Intesa said its offer entailed a premium of 12.5% versus the closing share price of MPS on Friday, which gave MPS a market value of €27.4 billion.

Intesa’s move sidelines Banco BPM, which has long been the leading candidate to merge with MPS. Amid mounting expectations of an Intesa bid, Banco BPM said on Sunday it wanted to open talks with MPS about a potential merger.

Under Italian takeover rules, however, Intesa’s formal bid now prevents MPS from agreeing a deal BPM without prior shareholder approval.

MPS has a scheduled board meeting later on Monday and the bank said it will not comment on Intesa or BPM until its board discusses the matter at the meeting.

Intesa said the deal would create the euro zone’s second- largest banking group after Santander.

UNIPOL DEAL

Intesa secured a fifth of the Italian banking market when it bought mid-sized UBI back in 2020, leapfrogging UniCredit to become Italy’s largest bank.

Citing antitrust limits, Intesa has kept out of a wave of mergers and acquisitions in Italy’s banking sector that began in November 2024, with CEO Carlo Messina describing it as “the Wild West”.

To address competition issues, Intesa said on Monday it had struck a deal with insurer Unipol to sell a banking business comprising 635 MPS branches – roughly half the total – and MPS’ central offices in Siena, if its bid is successful.
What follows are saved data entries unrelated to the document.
text \<open>Strictly coarsening an equivalence on a finite set strictly decreases the number of classes.
  This turns "fewer components" into "some edge is not spanned".\<close>

lemma card_quotient_refine_less:
  assumes "finite V" and r: "equiv UNIV r" and s: "equiv UNIV s" and "r \<subseteq> s"
    and "u \<in> V" "v \<in> V" "(u, v) \<in> s" "(u, v) \<notin> r"
  shows "card (V // s) < card (V // r)"
proof -
  have quot: "W // t = (\<lambda>x. t `` {x}) ` W" for W :: "'a set" and t
    unfolding quotient_def by blast
  have img: "(\<lambda>X. s `` X) ` (V // r) = V // s"
    unfolding quot image_image refines_equiv_class_eq2[OF assms(4) r s] ..
  have "r `` {u} \<noteq> r `` {v}"
    using assms(8) eq_equiv_class_iff[OF r] by blast
  moreover have "s `` (r `` {u}) = s `` (r `` {v})"
    unfolding refines_equiv_class_eq2[OF assms(4) r s]
    using assms(7) eq_equiv_class_iff[OF s] by blast
  ultimately have "\<not> inj_on (\<lambda>X. s `` X) (V // r)"
    using assms(5,6) unfolding inj_on_def quot by blast
  moreover have "finite (V // r)"
    using assms(1) unfolding quot by simp
  ultimately show ?thesis
    unfolding img[symmetric] using card_image_le inj_on_iff_eq_card le_neq_implies_less by metis
qed

definition indep :: "('e \<Rightarrow> 'v set) \<Rightarrow> 'e set \<Rightarrow> bool" where
  "indep ends F \<longleftrightarrow> (\<forall>e\<in>F. \<not> spanned ends (F - {e}) e)"

text \<open>The first edge of a cycle is spanned by the rest of the cycle.\<close>

lemma cycle_not_indep:
  assumes "has_cycle ends F"
  shows "\<not> indep ends F"
proof -
  obtain es vs where es: "es \<noteq> []" "distinct es" "set es \<subseteq> F"
    and ends_es: "\<And>i. i < length es \<Longrightarrow> ends (es ! i) = {vs ! i, vs ! ((i + 1) mod length es)}"
    using assms unfolding has_cycle_def by blast
  define n where "n = length es"
  define w where "w i = vs ! (Suc i mod n)" for i
  have n: "n > 0" using es(1) by (simp add: n_def)
  have "(w i, w (Suc i)) \<in> conn ends (F - {es ! 0})" if i: "i < n - 1" for i
  proof (rule conn_edge)
    show "es ! Suc i \<in> F - {es ! 0}"
      using es(1,3) i nth_eq_iff_index_eq[OF es(2), of "Suc i" 0] by (auto simp: n_def)
    show "w i \<in> ends (es ! Suc i)" "w (Suc i) \<in> ends (es ! Suc i)"
      using ends_es[of "Suc i"] i by (simp_all add: w_def n_def)
  qed
  then have "(w 0, w (n - 1)) \<in> conn ends (F - {es ! 0})"
    by (rule conn_chain)
  then have "(vs ! 0, vs ! (1 mod n)) \<in> conn ends (F - {es ! 0})"
    using n by (auto simp: w_def intro: conn_sym)
  then have "spanned ends (F - {es ! 0}) (es ! 0)"
    using ends_es[of 0] n by (intro spanned_pair) (simp_all add: n_def)
  moreover have "es ! 0 \<in> F" using es(1,3) by auto
  ultimately show ?thesis unfolding indep_def by blast
qed

lemma walk_edges_distinct:
  assumes vs: "distinct vs" and len: "length vs = Suc (length ds)"
    and ends_ds: "\<And>i. i < length ds \<Longrightarrow> ends (ds ! i) = {vs ! i, vs ! Suc i}"
  shows "distinct ds"
  unfolding distinct_conv_nth
proof (intro allI impI notI)
  fix i j assume ij: "i < length ds" "j < length ds" "i \<noteq> j" and eq: "ds ! i = ds ! j"
  have "{vs ! i, vs ! Suc i} = {vs ! j, vs ! Suc j}"
    using ends_ds[OF ij(1)] ends_ds[OF ij(2)] eq by simp
  moreover have "vs ! i \<noteq> vs ! j"
    using nth_eq_iff_index_eq[OF vs] ij len by simp
  ultimately have "vs ! i = vs ! Suc j" "vs ! j = vs ! Suc i"
    by (auto simp: doubleton_eq_iff)
  then have "i = Suc j" "j = Suc i"
    using nth_eq_iff_index_eq[OF vs] ij len by simp_all
  then show False by simp
qed

locale multigraph =
  fixes V :: "'v set" and E :: "'e set" and ends :: "'e \<Rightarrow> 'v set"
  assumes is_graph: "is_graph V E ends"
begin

lemma finite_V: "finite V" and finite_E: "finite E"
  and ends_subset: "e \<in> E \<Longrightarrow> ends e \<subseteq> V"
  and ends_card: "e \<in> E \<Longrightarrow> card (ends e) = 1 \<or> card (ends e) = 2"
  using is_graph unfolding is_graph_def by auto

text \<open>An edge has at most two endpoints, so two distinct ones are all of them.\<close>

lemma ends_eq_pair:
  assumes "e \<in> E" "p \<in> ends e" "q \<in> ends e" "p \<noteq> q"
  shows "ends e = {p, q}"
proof (rule card_seteq[symmetric])
  show "finite (ends e)" "card (ends e) \<le> card {p, q}"
    using ends_card[OF assms(1)] assms(4) by (auto intro: card_ge_0_finite)
  show "{p, q} \<subseteq> ends e" using assms(2,3) by blast
qed

lemma cut_edge_spanned:
  assumes "f \<in> E" and uv: "(u, v) \<in> conn ends (insert f B)" "(u, v) \<notin> conn ends B"
    and BC: "B \<subseteq> C" and "(u, v) \<in> conn ends C"
  shows "spanned ends C f"
proof -
  obtain p q where pq: "p \<in> ends f" "q \<in> ends f" "(u, p) \<in> conn ends B" "(q, v) \<in> conn ends B"
    using conn_insert[OF uv(1)] uv(2) by blast
  have "p \<noteq> q" using pq uv(2) conn_trans by metis
  then have "ends f = {p, q}" using ends_eq_pair assms(1) pq by blast
  moreover have "(p, q) \<in> conn ends C"
    using pq assms(5) conn_mono[OF BC] by (meson conn_sym conn_trans subsetD)
  ultimately show ?thesis by (rule spanned_pair)
qed

definition spans :: "'e set \<Rightarrow> bool" where
  "spans F \<longleftrightarrow> (\<forall>e\<in>E. spanned ends F e)"

lemma spans_conn_eq:
  assumes "F \<subseteq> E" "spans F"
  shows "conn ends F = conn ends E"
  using conn_mono[OF assms(1)] conn_subset_if_spanned[of E ends F] assms(2)
  unfolding spans_def by blast

lemma ncomp_eq_iff_spans:
  assumes FE: "F \<subseteq> E"
  shows "ncomp V ends F = ncomp V ends E \<longleftrightarrow> spans F"
proof
  assume "spans F"
  then show "ncomp V ends F = ncomp V ends E"
    using spans_conn_eq[OF FE] by (simp add: ncomp_def comps_def)
next
  assume eq: "ncomp V ends F = ncomp V ends E"
  show "spans F"
  proof (rule ccontr)
    assume "\<not> spans F"
    then obtain e u v where e: "e \<in> E" "u \<in> ends e" "v \<in> ends e" "(u, v) \<notin> conn ends F"
      unfolding spans_def spanned_def by blast
    then have "card (V // conn ends E) < card (V // conn ends F)"
      using ends_subset[OF e(1)]
      by (intro card_quotient_refine_less[OF finite_V conn_equiv conn_equiv conn_mono[OF FE]])
         (auto intro: conn_edge)
    with eq show False by (simp add: ncomp_def comps_def)
  qed
qed

lemma simple_path:
  assumes "B \<subseteq> E" and "(b, a) \<in> conn ends B"
  obtains vs ds where "length vs = Suc (length ds)" "distinct vs" "distinct ds" "set ds \<subseteq> B"
    "vs ! 0 = b" "vs ! length ds = a"
    "\<And>i. i < length ds \<Longrightarrow> ends (ds ! i) = {vs ! i, vs ! Suc i}"
proof -
  let ?R = "\<lambda>x y. \<exists>d\<in>B. x \<in> ends d \<and> y \<in> ends d"
  have "(\<Union>e\<in>B. {(u, v). u \<in> ends e \<and> v \<in> ends e}) = {(x, y). ?R x y}" by blast
  then have "?R\<^sup>*\<^sup>* b a"
    using assms(2) by (simp add: conn_def rtranclp_rtrancl_eq)
  then obtain xs0 where "rtrancl_path ?R b xs0 a"
    by (auto simp: rtranclp_eq_rtrancl_path)
  then obtain xs where path: "rtrancl_path ?R b xs a" and dist: "distinct (b # xs)"
    by (rule rtrancl_path_distinct)
  define vs where "vs = b # xs"
  define m where "m = length xs"
  have "\<forall>i<m. \<exists>d. d \<in> B \<and> vs ! i \<in> ends d \<and> vs ! Suc i \<in> ends d"
    using rtrancl_path_nth[OF path] unfolding vs_def m_def by fastforce
  then obtain d where d: "\<And>i. i < m \<Longrightarrow> d i \<in> B \<and> vs ! i \<in> ends (d i) \<and> vs ! Suc i \<in> ends (d i)"
    by metis
  define ds where "ds = map d [0..<m]"
  have len: "length vs = Suc (length ds)" by (simp add: vs_def ds_def m_def)
  have ends_ds: "ends (ds ! i) = {vs ! i, vs ! Suc i}" if "i < length ds" for i
  proof (rule ends_eq_pair)
    show "ds ! i \<in> E" "vs ! i \<in> ends (ds ! i)" "vs ! Suc i \<in> ends (ds ! i)"
      using d[of i] that assms(1) by (auto simp: ds_def)
    show "vs ! i \<noteq> vs ! Suc i"
      using nth_eq_iff_index_eq[OF dist, of i "Suc i"] that by (simp add: vs_def ds_def m_def)
  qed
  have "last vs = a"
    using path by (cases xs) (auto simp: vs_def rtrancl_path_last elim: rtrancl_path.cases)
  moreover have "vs \<noteq> []" by (simp add: vs_def)
  ultimately have "vs ! length ds = a"
    using len by (metis last_conv_nth diff_Suc_1)
  moreover have "set ds \<subseteq> B" using d by (auto simp: ds_def)
  ultimately show ?thesis
    using that[OF len _ walk_edges_distinct[OF _ len ends_ds] _ _ _ ends_ds] dist
    by (simp add: vs_def)
qed

text \<open>An edge spanned by the other edges closes a cycle with a path joining its endpoints.\<close>

lemma not_indep_cycle:
  assumes FE: "F \<subseteq> E" and "\<not> indep ends F"
  shows "has_cycle ends F"
proof -
  obtain e where eF: "e \<in> F" and sp: "spanned ends (F - {e}) e"
    using assms(2) unfolding indep_def by blast
  have eE: "e \<in> E" using eF FE by blast
  show ?thesis
  proof (cases "card (ends e) = 1")
    case True
    then obtain w where "ends e = {w}" by (rule card_1_singletonE)
    then show ?thesis
      unfolding has_cycle_def using eF by (intro exI[of _ "[e]"] exI[of _ "[w]"]) auto
  next
    case False
    then obtain a b where ab: "ends e = {a, b}" "a \<noteq> b"
      using ends_card[OF eE] by (meson card_2_iff)
    have "(b, a) \<in> conn ends (F - {e})" using sp ab unfolding spanned_def by blast
    then obtain vs ds where p: "length vs = Suc (length ds)" "distinct vs" "distinct ds"
      "set ds \<subseteq> F - {e}" "vs ! 0 = b" "vs ! length ds = a"
      and ends_ds: "\<And>i. i < length ds \<Longrightarrow> ends (ds ! i) = {vs ! i, vs ! Suc i}"
      using simple_path[of "F - {e}"] FE by blast
    have "ends ((ds @ [e]) ! i) = {vs ! i, vs ! ((i + 1) mod length (ds @ [e]))}"
      if "i < length (ds @ [e])" for i
    proof (cases "i < length ds")
      case True
      then show ?thesis using ends_ds by (simp add: nth_append)
    next
      case False
      then have "i = length ds" using that by simp
      then show ?thesis using ab p(5,6) by (auto simp: nth_append)
    qed
    then show ?thesis
      unfolding has_cycle_def using p eF
      by (intro exI[of _ "ds @ [e]"] exI[of _ vs]) auto
  qed
qed

lemma spanning_forest_iff:
  "spanning_forest V E ends F \<longleftrightarrow> F \<subseteq> E \<and> indep ends F \<and> spans F"
  unfolding spanning_forest_def
  using cycle_not_indep not_indep_cycle ncomp_eq_iff_spans by blast

abbreviation sforest :: "'e set \<Rightarrow> bool" where
  "sforest F \<equiv> spanning_forest V E ends F"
Unipol is the main investor in BPER Banca and an Intesa ally. It had played a similar role in the UBI deal, buying branches to help Intesa gain antitrust approval while supporting BPER’s expansion.

Unipol said it would pay up to €3.5 billion for the deal and combine it with BPER to create a bank that would operate under the name Banca Monte dei Paschi, the world’s oldest bank.

GENERALI STAKES

Intesa said the combined entity would have a market capitalisation of €126 billion and a net income goal of €16 billion in 2029, up from last year’s combined profits of €13.6 billion.

MPS’ stake in insurer Generali – which it acquired on buying Mediobanca last year – is of interest to Intesa, whose business model is focused on wealth management and insurance. It had attempted to buy Generali in 2017, but dropped the plan and grew its insurance business internally.

Messina told an analyst call Intesa would retain Mediobanca and its brand, as well as the Generali stake.

Intesa’s move deals a potential a blow to UniCredit, which last year built a large stake in Generali with CEO Andrea Orcel saying the bank “would observe” the situation.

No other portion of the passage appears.